Trea Turner thinks Jets fans should take a page out of Philadelphia’s playbook when it comes to Zach Wilson.
The Phillies’ shortstop was in the middle of a horrific first season with his new team after signing an 11-year, $300 million deal when the team’s fans decided to give him a standing ovation at Citizens Bank Park on Aug. 4.
The results were almost immediate and were eye-opening, as Turner — who had been hitless in his previous three games, made a costly game-altering error and had an OPS of just .657 — turned his season around once the fans changed their tune.
The Phillies quickly won six of seven games, and in the 47 games since the first ovations Turner has a 1.060 OPS as the team heads back to the postseason.
Turner said before the Phillies’ series opener against the Mets at Citi Field on Saturday that he’s aware of Wilson’s struggles and the fact he’s facing a flurry of criticism. And he knows it’s not doing any good.
“Everyone is different and you don’t know what’s gonna work and not work, but in my opinion — after going through it and being a fan of sports in general — you might as well try anything, right?” Turner said.
He’s not sure exactly what impact the crowd’s support had on his turnaround, but Turner said, “It definitely didn’t hurt and the results are what they are.”
Of course, Turner arrived in Philadelphia a two-time All-Star and one of the top shortstops in the game.
Wilson, despite being the No. 2-overall pick out of BYU in 2021, doesn’t have that résumé to look back on.
Still, Turner believes it’s worth a shot.
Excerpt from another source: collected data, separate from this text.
lemma card_pal_factors_snoc_le: "card (pal_factors (xs @ [a])) \<le> card (pal_factors xs) + 1"
proof -
  have "finite (pal_factors (xs @ [a]) - pal_factors xs)"
    using finite_pal_factors by blast
  then have "card (pal_factors (xs @ [a]) - pal_factors xs) \<le> 1"
    using new_pal_factor_unique[of _ xs a]
    unfolding One_nat_def by (subst card_le_Suc0_iff_eq) (auto simp: pal_factors_def)
  then show ?thesis
    using card_Diff_subset[OF finite_pal_factors pal_factors_snoc_mono, of xs a]
      card_mono[OF finite_pal_factors pal_factors_snoc_mono, of xs a] by linarith
qed

lemma card_pal_factors_le: "card (pal_factors xs) \<le> length xs + 1"
proof (induction xs rule: rev_induct)
  case Nil
  have "pal_factors ([] :: 'a list) = {[]}"
    by (auto simp: pal_factors_def pal_def)
  then show ?case by simp
next
  case (snoc a xs)
  then show ?case
    using card_pal_factors_snoc_le[of xs a] by simp
qed

lemma defect_eq_card_pal_factors: "defect w = int (length w) + 1 - int (card (pal_factors w))"
  unfolding defect_def pal_factors_def lang_fin_def by simp

lemma defect_nonneg: "defect w \<ge> 0"
  using card_pal_factors_le[of w] unfolding defect_eq_card_pal_factors by linarith

lemma defect_snoc_ge: "defect w \<le> defect (w @ [a])"
  using card_pal_factors_snoc_le[of w a] unfolding defect_eq_card_pal_factors by simp

lemma new_pal_suffix_if_defect_snoc_eq:
  assumes "defect (w @ [a]) = defect w"
  obtains s where "pal s" "suffix s (w @ [a])" "\<not> sublist s w"
proof -
  have "pal_factors (w @ [a]) \<noteq> pal_factors w"
    using assms unfolding defect_eq_card_pal_factors by auto
  then obtain s where "s \<in> pal_factors (w @ [a])" "s \<notin> pal_factors w"
    using pal_factors_snoc_mono[of w a] by blast
  then show ?thesis
    using that by (auto simp: pal_factors_def sublist_snoc)
qed
(* Let $m\ge1$, $j\in\{0,\ldots,m-1\}$ and let $M_j$ be as in the context (PNS or PNGS version). For every $z'\in M_j$ there is $\epsilon>0$ such that for all $z\in M_j$ with $\|z-z'\|<\epsilon$: $z$ and $z'$ are in optimal position (i.e. $\|z'-z\|=\min_{R\in O(m-j)}\|z'-zR\|$) if and only if $z^Tz'-z'^Tz=0$.
   Context: $\|\cdot\|$ is the Frobenius norm; $O(k,n)=\{v\in\mathbb R^{n\times k}:v^Tv=I_k\}$; $O(k)$ is the orthogonal group; $\mathbb D^k$ and $\mathbb S^{k-1}$ are the open unit ball and unit sphere of $\mathbb R^k$. For $j\in\{1,\ldots,m-1\}$, PNS version: $M_j=\{\binom{v}{\alpha^T}: v\in O(m-j,m+1),\alpha\in\mathbb D^{m-j}\}\subset\mathbb R^{(m+2)\times(m-j)}$; PNGS version: the same with $\alpha=0$. For $j=0$: $M_0=\{\binom{v}{\alpha^T}: v\in O(m,m+1),\alpha\in\mathbb S^{m-1}\}$. $O(m-j)$ acts on $M_j$ from the right by $z\mapsto zR$. *)

theory Defs
  imports Complex_Main "Jordan_Normal_Form.Matrix"
begin

definition frob_norm :: "real mat \<Rightarrow> real" where
  "frob_norm A = sqrt (\<Sum>i<dim_row A. \<Sum>j<dim_col A. (A $$ (i,j))^2)"

definition vnorm :: "real vec \<Rightarrow> real" where
  "vnorm a = sqrt (scalar_prod a a)"

definition stiefel :: "nat \<Rightarrow> nat \<Rightarrow> real mat set" where
  "stiefel k n = {v \<in> carrier_mat n k. transpose_mat v * v = 1\<^sub>m k}"

definition orth_group :: "nat \<Rightarrow> real mat set" where
  "orth_group k = stiefel k k"

definition stack :: "real mat \<Rightarrow> real vec \<Rightarrow> real mat" where
  "stack v a = mat (dim_row v + 1) (dim_col v)
      (\<lambda>(i,l). if i < dim_row v then v $$ (i,l) else a $ l)"

text \<open>M_j. The flag pngs selects the PNGS version (alpha = 0 for j >= 1);
  otherwise the PNS version. For j = 0 both versions use alpha in the unit sphere.\<close>
definition Mset :: "bool \<Rightarrow> nat \<Rightarrow> nat \<Rightarrow> real mat set" where
  "Mset pngs m j =
     (if j = 0 then
        {stack v a | v a. v \<in> stiefel m (m+1) \<and> a \<in> carrier_vec m \<and> vnorm a = 1}
      else if pngs then
        {stack v (0\<^sub>v (m-j)) | v. v \<in> stiefel (m-j) (m+1)}
      else
        {stack v a | v a. v \<in> stiefel (m-j) (m+1) \<and> a \<in> carrier_vec (m-j) \<and> vnorm a < 1})"

text \<open>z and z' are in optimal position: ||z' - z|| = min over R in O(k) of ||z' - z R||,
  k the number of columns (the minimum exists by compactness of O(k); it is
  expressed here as the infimum).\<close>
definition optimal_position :: "real mat \<Rightarrow> real mat \<Rightarrow> bool" where
  "optimal_position z z' \<longleftrightarrow>
     frob_norm (z' - z) = (INF R \<in> orth_group (dim_col z). frob_norm (z' - z * R))"

end

theory Submission
  imports Defs "Jordan_Normal_Form.Determinant" "HOL-Analysis.Convex"
begin

text \<open>Write \<open>A = z'\<^sup>T z\<close>. For orthogonal \<open>R\<close>,
  \<open>\<parallel>z' - z R\<parallel>\<^sup>2 = \<parallel>z'\<parallel>\<^sup>2 + \<parallel>z\<parallel>\<^sup>2 - 2 tr (A R)\<close>,
  so \<open>z\<close> and \<open>z'\<close> are in optimal position iff \<open>R = 1\<close> maximises \<open>tr (A R)\<close>
  over \<open>O(k)\<close>, and the commutator condition says that \<open>A\<close> is symmetric.
  If \<open>A\<close> is not symmetric, a Givens rotation in the plane of an asymmetric pair of
  indices increases the trace to first order. If \<open>A\<close> is symmetric, then
  \<open>2 (tr A - tr (A R)) = \<Sum>\<^sub>r x\<^sub>r\<^sup>T A x\<^sub>r\<close> with \<open>x\<^sub>r = e\<^sub>r - R\<^sup>T e\<^sub>r\<close>,
  which is nonnegative as soon as \<open>A\<close> is positive semidefinite. This holds whenever
  \<open>\<parallel>z - z'\<parallel> < 1\<close>: the upper block of \<open>z'\<close> has orthonormal columns, so
  \<open>\<parallel>(z - z') x\<parallel> \<le> \<parallel>x\<parallel> \<le> \<parallel>z' x\<parallel>\<close>, which forces
  \<open>x\<^sup>T A x = \<langle>z' x, z x\<rangle> \<ge> 0\<close>. Hence \<open>\<epsilon> = 1\<close> works.\<close>

definition mat_trace :: "real mat \<Rightarrow> real" where
  "mat_trace A = (\<Sum>i<dim_row A. A $$ (i,i))"

lemma mat_trace_mult:
  assumes "A \<in> carrier_mat n k" "B \<in> carrier_mat k n"
  shows "mat_trace (A * B) = (\<Sum>i<n. \<Sum>p<k. A $$ (i,p) * B $$ (p,i))"
  using assms by (simp add: mat_trace_def scalar_prod_def atLeast0LessThan)

lemma stiefel_cols_orthonormal:
  assumes "v \<in> stiefel k N" "p < k" "q < k"
  shows "(\<Sum>i<N. v $$ (i,p) * v $$ (i,q)) = (if p = q then 1 else 0)"
proof -
  have v: "v \<in> carrier_mat N k" "transpose_mat v * v = 1\<^sub>m k"
    using assms(1) by (auto simp: stiefel_def)
  have "(\<Sum>i<N. v $$ (i,p) * v $$ (i,q)) = (transpose_mat v * v) $$ (p,q)"
    using v(1) assms by (simp add: scalar_prod_def atLeast0LessThan)
  also have "\<dots> = (if p = q then 1 else 0)"
    using v(2) assms by simp
  finally show ?thesis .
qed

lemma one_mat_orth_group: "1\<^sub>m k \<in> orth_group k"
  by (auto simp: orth_group_def stiefel_def)

lemma orth_group_carrier: "R \<in> orth_group k \<Longrightarrow> R \<in> carrier_mat k k"
  by (simp add: orth_group_def stiefel_def)

lemma transpose_orth_group:
  assumes "R \<in> orth_group k"
  shows "transpose_mat R \<in> orth_group k"
proof -
  have R: "R \<in> carrier_mat k k" "transpose_mat R * R = 1\<^sub>m k"
    using assms by (auto simp: orth_group_def stiefel_def)
  then have "R * transpose_mat R = 1\<^sub>m k"
    using mat_mult_left_right_inverse[of "transpose_mat R" k R] by simp
  then show ?thesis
    using R by (simp add: orth_group_def stiefel_def)
qed

lemma orth_group_rows_orthonormal:
  assumes "R \<in> orth_group k" "p < k" "q < k"
  shows "(\<Sum>l<k. R $$ (p,l) * R $$ (q,l)) = (if p = q then 1 else 0)"
  using stiefel_cols_orthonormal[OF transpose_orth_group[OF assms(1), unfolded orth_group_def]]
    orth_group_carrier[OF assms(1)] assms(2,3)
  by simp

lemma sum_squares_orthonormal_cols:
  fixes V :: "nat \<Rightarrow> nat \<Rightarrow> real"
  assumes "\<And>p q. p < k \<Longrightarrow> q < k \<Longrightarrow> (\<Sum>i<N. V i p * V i q) = (if p = q then 1 else 0)"
  shows "(\<Sum>i<N. (\<Sum>p<k. V i p * x p)\<^sup>2) = (\<Sum>p<k. (x p)\<^sup>2)"
proof -
  have "(\<Sum>i<N. (\<Sum>p<k. V i p * x p)\<^sup>2) = (\<Sum>i<N. \<Sum>p<k. \<Sum>q<k. x p * x q * (V i p * V i q))"
    by (simp add: power2_eq_square sum_product algebra_simps)
  also have "\<dots> = (\<Sum>p<k. \<Sum>q<k. x p * x q * (\<Sum>i<N. V i p * V i q))"
    by (simp add: sum_distrib_left sum.swap[of _ "{..<N}"])
  also have "\<dots> = (\<Sum>p<k. (x p)\<^sup>2)"
    by (simp add: assms power2_eq_square if_distrib cong: if_cong)
  finally show ?thesis .
qed

lemma frob_norm_nonneg: "0 \<le> frob_norm A"
  by (simp add: frob_norm_def sum_nonneg)

lemma frob_norm_sq: "(frob_norm A)\<^sup>2 = (\<Sum>i<dim_row A. \<Sum>j<dim_col A. (A $$ (i,j))\<^sup>2)"
  by (simp add: frob_norm_def sum_nonneg)

lemma mat_trace_transpose_mult:
  assumes "X \<in> carrier_mat n k" "Y \<in> carrier_mat n k"
  shows "mat_trace (transpose_mat X * Y) = (\<Sum>i<n. \<Sum>j<k. X $$ (i,j) * Y $$ (i,j))"
  using assms by (simp add: mat_trace_mult[of _ k n]) (rule sum.swap)

lemma frob_norm_diff_sq:
  assumes "X \<in> carrier_mat n k" "Y \<in> carrier_mat n k"
  shows "(frob_norm (X - Y))\<^sup>2 = (frob_norm X)\<^sup>2 + (frob_norm Y)\<^sup>2 - 2 * mat_trace (transpose_mat X * Y)"
  using assms
  by (simp add: frob_norm_sq mat_trace_transpose_mult power2_diff sum_subtractf sum.distrib sum_distrib_left mult.assoc)

lemma frob_norm_mult_orth_group:
  assumes z: "z \<in> carrier_mat n k" and R: "R \<in> orth_group k"
  shows "frob_norm (z * R) = frob_norm z"
proof -
  have "(\<Sum>l<k. ((z * R) $$ (i,l))\<^sup>2) = (\<Sum>p<k. (z $$ (i,p))\<^sup>2)" if "i < n" for i
    using sum_squares_orthonormal_cols[where V="\<lambda>l p. R $$ (p,l)" and x="\<lambda>p. z $$ (i,p)" and k=k and N=k]
      orth_group_rows_orthonormal[OF R] z orth_group_carrier[OF R] that
    by (simp add: scalar_prod_def atLeast0LessThan mult.commute)
  then have "(frob_norm (z * R))\<^sup>2 = (frob_norm z)\<^sup>2"
    using z orth_group_carrier[OF R] by (simp add: frob_norm_sq)
  then show ?thesis
    by (simp add: power2_eq_iff_nonneg frob_norm_nonneg)
qed

lemma INF_eq_iff_le_all:
  fixes f :: "'a \<Rightarrow> 'b::conditionally_complete_linorder"
  assumes "x \<in> S" "bdd_below (f ` S)"
  shows "f x = (INF y\<in>S. f y) \<longleftrightarrow> (\<forall>y\<in>S. f x \<le> f y)"
proof
  assume "\<forall>y\<in>S. f x \<le> f y"
  then have "(INF y\<in>S. f y) = f x"
    using assms(1) by (intro cInf_eq_minimum) auto
  then show "f x = (INF y\<in>S. f y)" ..
qed (use cINF_lower[OF assms(2)] in auto)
“Zach Wilson, I’m sure, wants to win just as much as any fan wants to win and he wants to do well,’’ Turner said. “We all do. As a fan, why not try it to hopefully make him play better, and then it’s on him to keep working and trying to succeed and produce eventually.”
The Jets host Kansas City on Sunday night at MetLife Stadium, and Wilson is expected to start.
“When you’re going through it, give it a shot,’’ Turner said. “I mean, who cares? It doesn’t matter what his reputation is as a player or if he hasn’t done it yet in the league. At the end of the day, you want the Jets to win and I’m sure he does, too, and that might help him put everything out of his mind.”
The criticism has come from everywhere — including Jets legend Joe Namath, who said Wilson should lose his job.
“That’s part of sports, and it’s going to happen,’’ Turner said. “You don’t want to see that happen to somebody, but that’s why we get paid like we do, to handle that pressure. But if you can take some of that pressure away, it can help. Then it’s on him to work hard and try to improve things. He’s got an opportunity to do that. It’s all in front of him.”